(* Let $G$ be a finite group of order $n$, $k\ge1$, and write $L_j,L_j^-,L_j^+$ for the Laplacians of $Y_{G,k}$. (i) For $0\le j\le k$, the eigenvalues of $L_j$ on $C^j(Y_{G,k})$ are exactly $\{tn: k-j\le t\le k+1\}$, and the multiplicity of $tn$ is $\binom{k+1}{t}\binom{t}{k-j}(n-1)^{k+1-t}$. (ii) For $0\le j\le k$, the eigenvalues of $L_j^-$ restricted to $\operatorname{im} d_{j-1}$ are exactly $\{tn:k-j+1\le t\le k+1\}$, with multiplicity of $tn$ equal to $\binom{k+1}{t}\binom{t-1}{k-j}(n-1)^{k+1-t}$. For $0\le j\le k-1$, the eigenvalues of $L_j^+$ restricted to $\operatorname{im} d_j^*$ are exactly $\{tn:k-j\le t\le k+1\}$, with multiplicity of $tn$ equal to $\binom{k+1}{t}\binom{t-1}{k-j-1}(n-1)^{k+1-t}$.
   Context: Let $G$ be a finite group of order $n$ and $k\ge1$. For $1\le i\le k+1$ let $V_i=\{i\}\times G$, viewed as a $0$-dimensional complex. $Y_{G,k}$ denotes the simplicial join $V_1*\cdots*V_{k+1}$, i.e. the simplicial complex on vertex set $V_1\cup\cdots\cup V_{k+1}$ whose simplices are the sets containing at most one vertex from each $V_i$. For a simplicial complex $X$ and $j\ge0$, $C^j(X)$ is the real vector space of real-valued skew-symmetric functions on ordered $j$-simplices, $C^{-1}(X)=\mathbb R$; the coboundary $d_j:C^j\to C^{j+1}$ is $d_j\phi([v_0,\dots,v_{j+1}])=\sum_i(-1)^i\phi([v_0,\dots,\widehat{v_i},\dots,v_{j+1}])$, and $d_{-1}(a)(v)=a$. Each $C^j(X)$ has the standard inner product $(\phi,\psi)_X=\sum_{\sigma\in X(j)}\phi(\sigma)\psi(\sigma)$, and $d_j^*$ denotes the adjoint. The lower and upper Laplacians are $L_j^-=d_{j-1}d_{j-1}^*$ and $L_j^+=d_j^*d_j$ on $C^j(X)$, and $L_j=L_j^-+L_j^+$. Note $L_j^-$ preserves $\operatorname{im} d_{j-1}$ and $L_j^+$ preserves $\operatorname{im} d_j^*$. Binomial coefficients $\binom{a}{b}$ with $b<0$ or $b>a$ are $0$. *)

theory Defs
  imports Complex_Main "HOL-Algebra.Coset" "HOL-Library.Function_Algebras"
begin
lemma Linf_c1_near_zero:
  "\<exists>h. h \<in> O[at_right 0](\<lambda>s. s powr ((real n + 1) / real n)) \<and>
     (\<forall>\<^sub>F s in at_right 0. Linf_c1 n s = 1 / d_const n * Lminus_c1 n s * (1 + h s))"
proof (rule exists_bigo_relative_error[where K = "5 * (2 * b * c) powr (1 / b)"])
  show "\<forall>\<^sub>F s in at_right 0. \<exists>r. Linf_c1 n s = 1 / d_const n * Lminus_c1 n s * (1 + r) \<and>
      \<bar>r\<bar> \<le> 5 * (2 * b * c) powr (1 / b) * \<bar>s powr ((real n + 1) / real n)\<bar>"
    using eventually_at_right_real[OF near_zero_threshold_pos]
  proof (rule eventually_mono)
    fix s assume "s \<in> {0<..<min (F 1 / c) ((1/2) powr b / (2 * b * c))}"
    then have s: "0 < s" "s < F 1 / c" "s < (1/2) powr b / (2 * b * c)" by auto
    then obtain x q where xq: "0 < x" "x \<le> 1/2"
        "x \<le> (2 * b * c) powr (1 / b) * s powr ((real n + 1) / real n)" "1 - x / 2 \<le> q" "q \<le> 1"
      and "Linf_c2 n s = 1 / d_const n * Lminus_c2 n s *
         (((exp x - 1) / x) powr (1 - 2 * a) * exp (- x) * (1 / q) powr ((real n - 1) / real n))"
      and L: "Linf_c1 n s = 1 / d_const n * Lminus_c1 n s * ((x / (exp x - 1)) powr a * q powr (1 / real n))"
      by (rule Linf_coeffs_near_zero)
    let ?A = "(x / (exp x - 1)) powr a" and ?B = "q powr (1 / real n)"
    define t where "t = (exp x - 1) / x - 1"
    have t: "0 \<le> t" "t \<le> 2 * x" using exp_minus_one_div_bounds[OF xq(1,2)] by (auto simp: t_def)
    have "x / (exp x - 1) = 1 / (1 + t)" using xq(1) by (simp add: t_def)
    then have A: "\<bar>?A - 1\<bar> \<le> 2 * x"
      using abs_powr_sub_one_le[of "x / (exp x - 1)" a] abs_inverse_one_plus_sub_one_le[OF t(1)]
        t xq(1) a_pos a_less_1 by simp
    have B: "\<bar>?B - 1\<bar> \<le> 1 * x"
      using abs_powr_sub_one_le[of q "1 / real n"] xq n_pos by simp
    have R: "\<bar>?A * ?B - 1\<bar> \<le> (2 + 1 + 2 * 1) * x"
      by (rule abs_mult_sub_one_le[OF A B]) (use xq in auto)
    show "\<exists>r. Linf_c1 n s = 1 / d_const n * Lminus_c1 n s * (1 + r) \<and>
        \<bar>r\<bar> \<le> 5 * (2 * b * c) powr (1 / b) * \<bar>s powr ((real n + 1) / real n)\<bar>"
      using L R xq by (intro exI[of _ "?A * ?B - 1"]) auto
  qed
qed

end

theorem lemma4p2:
  fixes n :: nat
  assumes "n \<ge> 2"
  shows
    \<comment> \<open>near eta = 1 - s -> 0+ (s -> 1-); in the variable eta, d/ds = - d/deta, d2/ds2 = d2/deta2\<close>
    "(\<forall>s. Linf_c0 n s = (1 / (real n + 1)) * Lplus_c0 n (1 - s))
   \<and> (\<exists>h. h \<in> O[at_left 1](\<lambda>s. (1 - s) ^ (n + 1)) \<and>
          (\<forall>\<^sub>F s in at_left 1. Linf_c2 n s = (1 / (real n + 1)) * Lplus_c2 n (1 - s) * (1 + h s)))
   \<and> (\<exists>h. h \<in> O[at_left 1](\<lambda>s. (1 - s) ^ (n + 1)) \<and>
          (\<forall>\<^sub>F s in at_left 1. - Linf_c1 n s = (1 / (real n + 1)) * Lplus_c1 n (1 - s) * (1 + h s)))
   \<and> (\<forall>s. Linf_c0 n s = (1 / d_const n) * Lminus_c0 n s)
   \<and> (\<exists>h. h \<in> O[at_right 0](\<lambda>s. s powr ((real n + 1) / real n)) \<and>
          (\<forall>\<^sub>F s in at_right 0. Linf_c2 n s = (1 / d_const n) * Lminus_c2 n s * (1 + h s)))
   \<and> (\<exists>h. h \<in> O[at_right 0](\<lambda>s. s powr ((real n + 1) / real n)) \<and>
          (\<forall>\<^sub>F s in at_right 0. Linf_c1 n s = (1 / d_const n) * Lminus_c1 n s * (1 + h s)))"
proof -
  interpret neck_profile n using assms by unfold_locales simp
  have "real n + 1 \<noteq> 0" using of_nat_0_le_iff[of n] by linarith
  then have "Linf_c0 n s = 1 / (real n + 1) * Lplus_c0 n (1 - s)" for s
    by (simp add: Linf_c0_def Lplus_c0_def field_simps)
  moreover have "Linf_c0 n s = 1 / d_const n * Lminus_c0 n s" for s
    using d_const_pos by (simp add: Linf_c0_def Lminus_c0_def)
  ultimately show ?thesis
    using Linf_c2_near_one Linf_c1_near_one Linf_c2_near_zero Linf_c1_near_zero by blast
qed

end
(* Assume the setting described in the context, assume that $\mu$ is absolutely continuous with respect to $\lambda$, and let $\theta\in\mathbb{R}^{\mathfrak{d}}$, $i\in\{1,\dots,H\}$ satisfy $|\mathfrak{b}^\theta_i|+\sum_{j=1}^d|\mathfrak{w}^\theta_{i,j}|>0$. Then for every $j\in\{1,\dots,d\}$ the function $\mathbb{R}^{\mathfrak{d}}\ni\vartheta\mapsto\mathcal{G}_{(i-1)d+j}(\vartheta)\in\mathbb{R}$ is continuous at $\theta$, and the function $\mathbb{R}^{\mathfrak{d}}\ni\vartheta\mapsto\mathcal{G}_{Hd+i}(\vartheta)\in\mathbb{R}$ is continuous at $\theta$.
   Context: Setting: $d,H,\mathfrak{d}\in\mathbb{N}$ with $\mathfrak{d}=dH+2H+1$, $\mathscr{a}\in\mathbb{R}$, $\mathscr{b}\in(\mathscr{a},\infty)$, $f\in C([\mathscr{a},\mathscr{b}]^d,\mathbb{R})$. For $\theta=(\theta_1,\dots,\theta_{\mathfrak{d}})\in\mathbb{R}^{\mathfrak{d}}$, $i\in\{1,\dots,H\}$, $j\in\{1,\dots,d\}$ put $\mathfrak{w}^\theta_{i,j}=\theta_{(i-1)d+j}$, $\mathfrak{b}^\theta_i=\theta_{Hd+i}$, $\mathfrak{v}^\theta_i=\theta_{H(d+1)+i}$, $\mathfrak{c}^\theta=\theta_{\mathfrak{d}}$. Let $\mathfrak{R}_r\in C^1(\mathbb{R},\mathbb{R})$, $r\in\mathbb{N}$, satisfy for all $x\in\mathbb{R}$ that $\lim_{r\to\infty}\big(|\mathfrak{R}_r(x)-\max\{x,0\}|+|(\mathfrak{R}_r)'(x)-\mathbb{1}_{(0,\infty)}(x)|\big)=0$ and $\sup_{r\in\mathbb{N}}\sup_{y\in[-|x|,|x|]}|(\mathfrak{R}_r)'(y)|<\infty$. Let $\mu$ be a finite measure on $\mathcal{B}([\mathscr{a},\mathscr{b}]^d)$ and $\lambda$ the Lebesgue–Borel measure on $[\mathscr{a},\mathscr{b}]^d$. For $r\in\mathbb{N}$, $\theta\in\mathbb{R}^{\mathfrak{d}}$ let $\mathfrak{L}_r(\theta)=\int_{[\mathscr{a},\mathscr{b}]^d}\big(f(y)-\mathfrak{c}^\theta-\sum_{i=1}^H\mathfrak{v}^\theta_i\,\mathfrak{R}_r(\mathfrak{b}^\theta_i+\sum_{j=1}^d\mathfrak{w}^\theta_{i,j}y_j)\big)^2\,\mu(\mathrm{d}y)$, and let $\mathcal{G}=(\mathcal{G}_1,\dots,\mathcal{G}_{\mathfrak{d}})\colon\mathbb{R}^{\mathfrak{d}}\to\mathbb{R}^{\mathfrak{d}}$ satisfy $\mathcal{G}(\theta)=\lim_{r\to\infty}(\nabla\mathfrak{L}_r)(\theta)$ for every $\theta$ for which this limit exists. *)

theory Defs
  imports "HOL-Analysis.Analysis"
begin
lemma tendsto_integral_infdist_cutoff:
  fixes K :: "'a::metric_space measure"
  assumes K: "prob_space K" "sets K = sets borel" and F: "closed F" "F \<noteq> {}"
  shows "(\<lambda>n. \<integral>x. max 0 (1 - real (Suc n) * infdist x F) \<partial>K) \<longlonglongrightarrow> measure K F"
proof -
  interpret prob_space K by (fact K)
  have "(\<lambda>n. \<integral>x. max 0 (1 - real (Suc n) * infdist x F) \<partial>K) \<longlonglongrightarrow> (\<integral>x. indicator F x \<partial>K)"
  proof (rule integral_dominated_convergence[where w="\<lambda>_. 1"])
    have "continuous_on UNIV (\<lambda>x. max 0 (1 - real (Suc n) * infdist x F))" for n
      by (intro continuous_intros)
    then show "(\<lambda>x. max 0 (1 - real (Suc n) * infdist x F)) \<in> borel_measurable K" for n
      unfolding measurable_cong_sets[OF K(2) refl] by (rule borel_measurable_continuous_onI)
    show "indicator F \<in> borel_measurable K"
      using K(2) borel_closed[OF F(1)] by simp
    show "AE x in K. (\<lambda>n. max 0 (1 - real (Suc n) * infdist x F)) \<longlonglongrightarrow> indicator F x"
      using tendsto_infdist_cutoff_indicator[OF F] by simp
  qed (auto simp: infdist_nonneg)
  then show ?thesis
    using K F by simp
qed

lemma prob_space_eqI_closed:
  fixes M N :: "'a::topological_space measure"
  assumes M: "prob_space M" "sets M = sets borel" and N: "prob_space N" "sets N = sets borel"
    and eq: "\<And>F. closed F \<Longrightarrow> measure M F = measure N F"
  shows "M = N"
proof (rule measure_eqI_generator_eq[where E="Collect closed" and \<Omega>=UNIV and A="\<lambda>_. UNIV"])
  have "sets borel = sigma_sets (UNIV::'a set) (Collect closed)"
    by (metis borel_eq_closed sets_measure_of top_greatest Pow_UNIV)
  then show "sets M = sigma_sets UNIV (Collect closed)" "sets N = sigma_sets UNIV (Collect closed)"
    using M N by simp_all
  show "emeasure M X = emeasure N X" if "X \<in> Collect closed" for X
    using eq[of X] that M N by (simp add: prob_space.finite_measure finite_measure.emeasure_eq_measure)
qed (use M in \<open>auto simp: Int_stable_def prob_space.finite_measure finite_measure.emeasure_eq_measure\<close>)
lemma mixed_difference_approx:
  fixes f :: "real^'n \<Rightarrow> real"
  assumes deriv: "\<And>y. y \<in> ball x r \<Longrightarrow> (f has_derivative (\<lambda>k. g y \<bullet> k)) (at y)"
    and remainder: "\<And>y. norm y < r \<Longrightarrow> norm (g (x + y) - g x - H *v y) \<le> \<epsilon> * norm y"
    and "0 \<le> \<epsilon>" "0 < h" and hr: "h * (norm u + norm v) < r"
  shows "\<bar>f (x + (h *\<^sub>R v + h *\<^sub>R u)) - f (x + h *\<^sub>R u) - f (x + h *\<^sub>R v) + f x
           - h\<^sup>2 * (u \<bullet> (H *v v))\<bar> \<le> 2 * \<epsilon> * h\<^sup>2 * (norm u + norm v)\<^sup>2"
proof -
  define N where "N = norm u + norm v"
  obtain \<xi> where \<xi>: "0 < \<xi>" "\<xi> < h" and mvt:
    "f (x + (h *\<^sub>R v + h *\<^sub>R u)) - f (x + h *\<^sub>R u) - f (x + h *\<^sub>R v) + f x
     = h * ((g (x + (h *\<^sub>R v + \<xi> *\<^sub>R u)) - g (x + \<xi> *\<^sub>R u)) \<bullet> u)"
    using mixed_difference_mvt[OF deriv \<open>0 < h\<close> hr] by blast
  define a where "a = h *\<^sub>R v + \<xi> *\<^sub>R u"
  define b where "b = \<xi> *\<^sub>R u"
  have ab: "norm a \<le> h * N" "norm b \<le> h * N"
    using norm_scaleR_add_le[of h h \<xi> v u] norm_scaleR_add_le[of 0 h \<xi> v u] \<xi> \<open>0 < h\<close>
    unfolding a_def b_def N_def by (simp_all add: add.commute[of "norm v" "norm u"])
  define \<rho> where "\<rho> y = g (x + y) - g x - H *v y" for y
  have \<rho>_le: "norm (\<rho> y) \<le> \<epsilon> * (h * N)" if "norm y \<le> h * N" for y
    using remainder[of y] that hr \<open>0 \<le> \<epsilon>\<close>
    by (force simp: \<rho>_def N_def intro: order_trans mult_left_mono)
  have "(g (x + a) - g (x + b)) \<bullet> u - h * (u \<bullet> (H *v v)) = (\<rho> a - \<rho> b) \<bullet> u"
    by (simp add: a_def b_def \<rho>_def matrix_vector_right_distrib matrix_scaleR_vector_ac inner_diff_left
        inner_add_left inner_commute[of u] flip: scaleR_matrix_vector_assoc)
  also have "\<bar>\<dots>\<bar> \<le> norm (\<rho> a - \<rho> b) * norm u"
    by (rule Cauchy_Schwarz_ineq2)
  also have "\<dots> \<le> (2 * \<epsilon> * (h * N)) * N"
  proof (rule mult_mono)
    show "norm (\<rho> a - \<rho> b) \<le> 2 * \<epsilon> * (h * N)"
      using norm_triangle_ineq4[of "\<rho> a" "\<rho> b"] \<rho>_le[OF ab(1)] \<rho>_le[OF ab(2)] by linarith
  qed (use \<open>0 \<le> \<epsilon>\<close> \<open>0 < h\<close> in \<open>auto simp: N_def\<close>)
  finally have err: "\<bar>(g (x + a) - g (x + b)) \<bullet> u - h * (u \<bullet> (H *v v))\<bar> \<le> 2 * \<epsilon> * h * N\<^sup>2"
    by (simp add: power2_eq_square mult_ac)
  have "f (x + (h *\<^sub>R v + h *\<^sub>R u)) - f (x + h *\<^sub>R u) - f (x + h *\<^sub>R v) + f x - h\<^sup>2 * (u \<bullet> (H *v v))
      = h * ((g (x + a) - g (x + b)) \<bullet> u - h * (u \<bullet> (H *v v)))"
    unfolding mvt a_def b_def by (simp add: power2_eq_square right_diff_distrib)
  also have "\<bar>\<dots>\<bar> \<le> h * (2 * \<epsilon> * h * N\<^sup>2)"
    using err \<open>0 < h\<close> by (simp add: abs_mult)
  finally show ?thesis by (simp add: N_def power2_eq_square mult_ac)
qed

lemma twice_differentiable_atE:
  fixes f :: "real^'n \<Rightarrow> real"
  assumes "twice_differentiable_at f x" and "0 < \<epsilon>"
  obtains r where "0 < r"
    and "\<And>y. y \<in> ball x r \<Longrightarrow> (f has_derivative (\<lambda>k. grad f y \<bullet> k)) (at y)"
    and "\<And>y. norm y < r \<Longrightarrow> norm (grad f (x + y) - grad f x - hess f x *v y) \<le> \<epsilon> * norm y"
proof -
  obtain S where "open S" "x \<in> S" and diff: "\<And>y. y \<in> S \<Longrightarrow> f differentiable (at y)"
    and diff2: "grad f differentiable (at x)"
    using assms(1) unfolding twice_differentiable_at_def by blast
  obtain r0 where "0 < r0" "ball x r0 \<subseteq> S" using \<open>open S\<close> \<open>x \<in> S\<close> openE by blast
  obtain d where "0 < d" and d: "\<And>y. norm (y - x) < d \<Longrightarrow>
      norm (grad f y - grad f x - hess f x *v (y - x)) \<le> \<epsilon> * norm (y - x)"
    using has_derivative_hess[OF diff2] assms(2) unfolding has_derivative_at_alt by blast
  show ?thesis
  proof (rule that[of "min r0 d"])
    show "0 < min r0 d" using \<open>0 < r0\<close> \<open>0 < d\<close> by simp
    show "(f has_derivative (\<lambda>k. grad f y \<bullet> k)) (at y)" if "y \<in> ball x (min r0 d)" for y
      using \<open>ball x r0 \<subseteq> S\<close> that by (intro has_derivative_grad diff) auto
    show "norm (grad f (x + y) - grad f x - hess f x *v y) \<le> \<epsilon> * norm y" if "norm y < min r0 d" for y
      using d[of "x + y"] that by simp
  qed
qed

text \<open>
  Only the gradient is assumed differentiable, and only at \<open>x\<close>, so Schwarz's theorem does not
  apply. Instead, the mixed second difference is symmetric in \<open>u\<close> and \<open>v\<close> and approximates
  both \<open>h\<^sup>2 u \<bullet> H v\<close> and \<open>h\<^sup>2 v \<bullet> H u\<close> up to \<open>o(h\<^sup>2)\<close>.
\<close>

lemma hess_symmetric:
  fixes f :: "real^'n \<Rightarrow> real"
  assumes "twice_differentiable_at f x"
  shows "u \<bullet> (hess f x *v v) = v \<bullet> (hess f x *v u)"
proof -
  define H where "H = hess f x"
  define N where "N = norm u + norm v"
  define \<Delta> where "\<Delta> = (\<lambda>h. f (x + (h *\<^sub>R v + h *\<^sub>R u)) - f (x + h *\<^sub>R u) - f (x + h *\<^sub>R v) + f x)"
  have "\<bar>u \<bullet> (H *v v) - v \<bullet> (H *v u)\<bar> \<le> 0 + e" if "0 < e" for e
  proof -
    define \<epsilon> where "\<epsilon> = e / (4 * N\<^sup>2 + 1)"
    have "0 < 4 * N\<^sup>2 + 1" by (simp add: add_nonneg_pos)
    then have "0 < \<epsilon>" "4 * \<epsilon> * N\<^sup>2 \<le> e"
      using \<open>0 < e\<close> by (simp_all add: \<epsilon>_def divide_le_eq distrib_left)
    obtain r where "0 < r" and deriv: "\<And>y. y \<in> ball x r \<Longrightarrow> (f has_derivative (\<lambda>k. grad f y \<bullet> k)) (at y)"
      and remainder: "\<And>y. norm y < r \<Longrightarrow> norm (grad f (x + y) - grad f x - H *v y) \<le> \<epsilon> * norm y"
      using twice_differentiable_atE[OF assms \<open>0 < \<epsilon>\<close>] unfolding H_def by blast
    define h where "h = r / (N + 1)"
    have "0 \<le> N" by (simp add: N_def)
    with \<open>0 < r\<close> have "0 < h" "h * N < r" by (simp_all add: h_def divide_less_eq distrib_left)
    have "\<bar>\<Delta> h - h\<^sup>2 * (u \<bullet> (H *v v))\<bar> \<le> 2 * \<epsilon> * h\<^sup>2 * N\<^sup>2"
      "\<bar>\<Delta> h - h\<^sup>2 * (v \<bullet> (H *v u))\<bar> \<le> 2 * \<epsilon> * h\<^sup>2 * N\<^sup>2"
      using mixed_difference_approx[OF deriv remainder, where r=r and h=h and u=u and v=v]
        mixed_difference_approx[OF deriv remainder, where r=r and h=h and u=v and v=u]
        \<open>0 < \<epsilon>\<close> \<open>0 < h\<close> \<open>h * N < r\<close>
      by (simp_all add: \<Delta>_def N_def add.commute)
    then have "\<bar>h\<^sup>2 * (u \<bullet> (H *v v)) - h\<^sup>2 * (v \<bullet> (H *v u))\<bar> \<le> 2 * (2 * \<epsilon> * h\<^sup>2 * N\<^sup>2)"
      by arith
    moreover have "\<bar>h\<^sup>2 * (u \<bullet> (H *v v)) - h\<^sup>2 * (v \<bullet> (H *v u))\<bar> = h\<^sup>2 * \<bar>u \<bullet> (H *v v) - v \<bullet> (H *v u)\<bar>"
      by (simp add: abs_mult flip: right_diff_distrib)
    ultimately have "h\<^sup>2 * \<bar>u \<bullet> (H *v v) - v \<bullet> (H *v u)\<bar> \<le> h\<^sup>2 * (4 * \<epsilon> * N\<^sup>2)"
      by (simp add: mult_ac)
    then show ?thesis
      using \<open>0 < h\<close> \<open>4 * \<epsilon> * N\<^sup>2 \<le> e\<close> by simp
  qed
  then show ?thesis
    using field_le_epsilon[of "\<bar>u \<bullet> (H *v v) - v \<bullet> (H *v u)\<bar>" 0] by (simp add: H_def)
qed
------------------------------------------------
- _PROBLEM TO SOLVE_:
Please find each line in the records above that holds the word "intro", and copy it.

- _RESULT_:
      using L R xq by (intro exI[of _ "?A * ?B - 1"]) auto
      by (intro continuous_intros)
    by (force simp: \<rho>_def N_def intro: order_trans mult_left_mono)
      using \<open>ball x r0 \<subseteq> S\<close> that by (intro has_derivative_grad diff) auto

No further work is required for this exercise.